Segment Start: Exercise data
lemma common_extension_below_D_limits:
  fixes k :: nat
  assumes D: "nonprincipal_ultrafilter D"
    and room: "\<And>m. eventually (\<lambda>i. enat (m * h i) < b i) sequentially"
    and r: "r \<in> Ebh b h"
    and P: "\<And>j n. j < k \<Longrightarrow> P j n \<in> Ebh_sm b h (S j) (M j)"
    and r_le: "\<And>j. j < k \<Longrightarrow> le_E r (D_limit D (S j) (P j))"
    and "A \<in> D"
  shows "\<exists>n\<in>A. \<exists>r'\<in>Ebh b h. le_E r' r \<and> (\<forall>j<k. le_E r' (P j n))"
proof -
  obtain t \<psi> where r_eq: "r = (t, \<psi>)"
    by (cases r)
  obtain mr where mr: "cond_with b h mr (t, \<psi>)"
    using r unfolding r_eq Ebh_def by blast
  define m' where "m' = mr + (\<Sum>j<k. M j)"
  obtain N0 where N0: "\<forall>i\<ge>N0. enat (m' * h i) < b i"
    using room[of m'] unfolding eventually_sequentially by blast
  define N where "N = max N0 (length t)"
  obtain u where u: "length u = N" "u \<in> seq_b b" "le_E (u, \<psi>) (t, \<psi>)"
    using extend_stem[OF mr, of N] unfolding N_def by auto
  have u_le: "le_E (u, \<psi>) (D_limit D (S j) (P j))" if "j < k" for j
    using le_E_trans[OF u(3)] r_le[OF that] r_eq by simp
  have "(\<Inter>j<k. {n. \<forall>i\<in>{length (S j)..<N}. u ! i \<notin> snd (P j n) i}) \<in> D"
    using le_D_limit_avoids[OF D u_le] u(1) by (intro nonprincipal_ultrafilter_INT[OF D]) auto
  then have "A \<inter> (\<Inter>j<k. {n. \<forall>i\<in>{length (S j)..<N}. u ! i \<notin> snd (P j n) i}) \<in> D"
    using nonprincipal_ultrafilter_Int[OF D \<open>A \<in> D\<close>] by blast
  then obtain n where "n \<in> A"
    and n: "n \<in> (\<Inter>j<k. {n. \<forall>i\<in>{length (S j)..<N}. u ! i \<notin> snd (P j n) i})"
    using nonprincipal_ultrafilter_ex_mem[OF D] by (meson IntE)
  have avoid: "u ! i \<notin> snd (P j n) i" if "j < k" "length (S j) \<le> i" "i < N" for j i
    using n that by simp
  define \<chi> where "\<chi> i = \<psi> i \<union> (\<Union>j<k. snd (P j n) i)" for i
  have "\<chi> \<in> S_bg b (\<lambda>i. m' * h i)"
  proof -
    have "\<psi> \<in> S_bg b (\<lambda>i. mr * h i)"
      using mr unfolding cond_with_def by simp
    moreover have "(\<lambda>i. \<Union>j<k. snd (P j n) i) \<in> S_bg b (\<lambda>i. \<Sum>j<k. M j * h i)"
      by (rule S_bg_UN) (use Ebh_sm_S_bg[OF P] in auto)
    ultimately have "\<chi> \<in> S_bg b (\<lambda>i. mr * h i + (\<Sum>j<k. M j * h i))"
      unfolding \<chi>_def by (rule S_bg_Un)
    moreover have "mr * h i + (\<Sum>j<k. M j * h i) = m' * h i" for i
      unfolding m'_def by (simp add: distrib_right sum_distrib_right)
    ultimately show ?thesis by simp
  qed
  then have "cond_with b h m' (u, \<chi>)"
    using u N0 unfolding cond_with_def N_def by simp
  then have "(u, \<chi>) \<in> Ebh b h" unfolding Ebh_def by blast
  moreover have "le_E (u, \<chi>) r"
    unfolding r_eq by (rule le_E_enlarge[OF u(3)]) (simp add: \<chi>_def)
  moreover have "le_E (u, \<chi>) (P j n)" if "j < k" for j
  proof -
    have "fst (P j n) = S j"
      using Ebh_sm_S_bg[OF P[OF that]] by blast
    moreover have "prefix (S j) u"
      using u_le[OF that] unfolding le_E_def D_limit_def by simp
    moreover have "snd (P j n) i \<subseteq> \<chi> i" for i
      using that unfolding \<chi>_def by blast
    ultimately show ?thesis
      using avoid[OF that] u(1) unfolding le_E_def by simp
  qed
  ultimately show ?thesis using \<open>n \<in> A\<close> by blast
qed

lemma D_limit_in_S_bg:
  assumes D: "nonprincipal_ultrafilter D" and ps: "\<And>n. snd (ps n) \<in> S_bg b g"
  shows "snd (D_limit D s ps) \<in> S_bg b g"
proof -
  define L where "L i = {y. {n. y \<in> snd (ps n) i} \<in> D}" for i
  have L_sub: "\<exists>n. F \<subseteq> snd (ps n) i" if "finite F" "F \<subseteq> L i" for F i
  proof -
    have "(\<Inter>y\<in>F. {n. y \<in> snd (ps n) i}) \<in> D"
      using that unfolding L_def by (intro nonprincipal_ultrafilter_INT[OF D]) auto
    then show ?thesis using nonprincipal_ultrafilter_ex_mem[OF D] by blast
  qed
  have L_card: "card F \<le> g i" if F: "finite F" "F \<subseteq> L i" for F i
  proof -
    obtain n where "F \<subseteq> snd (ps n) i"
      using L_sub[OF F] by blast
    moreover have "finite (snd (ps n) i)" "card (snd (ps n) i) \<le> g i"
      using ps[of n] unfolding S_bg_def by auto
    ultimately show ?thesis by (meson card_mono le_trans)
  qed
  have "finite (L i)" for i
  proof (rule ccontr)
    assume "infinite (L i)"
    then obtain F where "finite F" "card F = Suc (g i)" "F \<subseteq> L i"
      using infinite_arbitrarily_large by blast
    then show False using L_card by fastforce
  qed
  moreover have "L i \<subseteq> {x. enat x < b i}" for i
    using L_sub[of "{_}" i] ps unfolding S_bg_def by blast
  ultimately show ?thesis
    using L_card unfolding S_bg_def D_limit_def L_def by simp
qed

text \<open>The pieces of the decomposition fix the witness \<open>m\<close> rather than bound \<open>m\<^sub>p\<close> as
  \<open>Ebh_sm\<close> does: the tail condition \<open>m h(i) < b(i)\<close> then passes to \<open>D\<close>-limits.\<close>

definition Ebh_part :: "(nat \<Rightarrow> enat) \<Rightarrow> (nat \<Rightarrow> nat) \<Rightarrow> nat list \<Rightarrow> nat \<Rightarrow> cond set" where
  "Ebh_part b h s m = {p. fst p = s \<and> cond_with b h m p}"

lemma Ebh_eq_UN_Ebh_part: "Ebh b h = (\<Union>(s, m). Ebh_part b h s m)"
  unfolding Ebh_def Ebh_part_def by auto

lemma Ebh_part_uf_linked:
  assumes room: "\<And>m. eventually (\<lambda>i. enat (m * h i) < b i) sequentially"
  shows "uf_linked (Ebh b h) le_E (Ebh_part b h s m)"
  unfolding uf_linked_def
proof (intro allI impI)
  fix D' :: "nat set set" and ps :: "nat \<Rightarrow> cond"
  assume D': "nonprincipal_ultrafilter D'" and ps: "\<forall>n. ps n \<in> Ebh_part b h s m"
  then have ps_cond: "\<And>n. fst (ps n) = s \<and> cond_with b h m (ps n)"
    unfolding Ebh_part_def by blast
  have "cond_with b h m (D_limit D' s ps)"
    using ps_cond[of 0] D_limit_in_S_bg[OF D', of ps b "\<lambda>i. m * h i" s] ps_cond
    unfolding cond_with_def by (auto simp: D_limit_def)
  then have "D_limit D' s ps \<in> Ebh b h" unfolding Ebh_def by blast
  moreover have "\<exists>n\<in>A. compatible (Ebh b h) le_E r (ps n)"
    if "A \<in> D'" "r \<in> Ebh b h" "le_E r (D_limit D' s ps)" for A r
  proof -
    have "ps n \<in> Ebh_sm b h s m" for n
      using cond_with_Ebh_sm[of b h m "ps n"] ps_cond[of n] by simp
    then have "\<exists>n\<in>A. \<exists>r'\<in>Ebh b h. le_E r' r \<and> (\<forall>j<1::nat. le_E r' (ps n))"
      using that common_extension_below_D_limits[OF D' room, where k=1 and P="\<lambda>_. ps"
          and S="\<lambda>_. s" and M="\<lambda>_. m"]
      by auto
    then show ?thesis unfolding compatible_def by auto
  qed
  ultimately show "\<exists>q\<in>Ebh b h. \<forall>A\<in>D'. \<forall>r\<in>Ebh b h. le_E r q \<longrightarrow>
      (\<exists>n\<in>A. compatible (Ebh b h) le_E r (ps n))"
    by blast
qed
Segment End: Exercise data
**Work order**
Copy every line from the entries that contains the word "define".

**Written solution**
  define m' where "m' = mr + (\<Sum>j<k. M j)"
  define N where "N = max N0 (length t)"
  define \<chi> where "\<chi> i = \<psi> i \<union> (\<Union>j<k. snd (P j n) i)" for i
  define L where "L i = {y. {n. y \<in> snd (ps n) i} \<in> D}" for i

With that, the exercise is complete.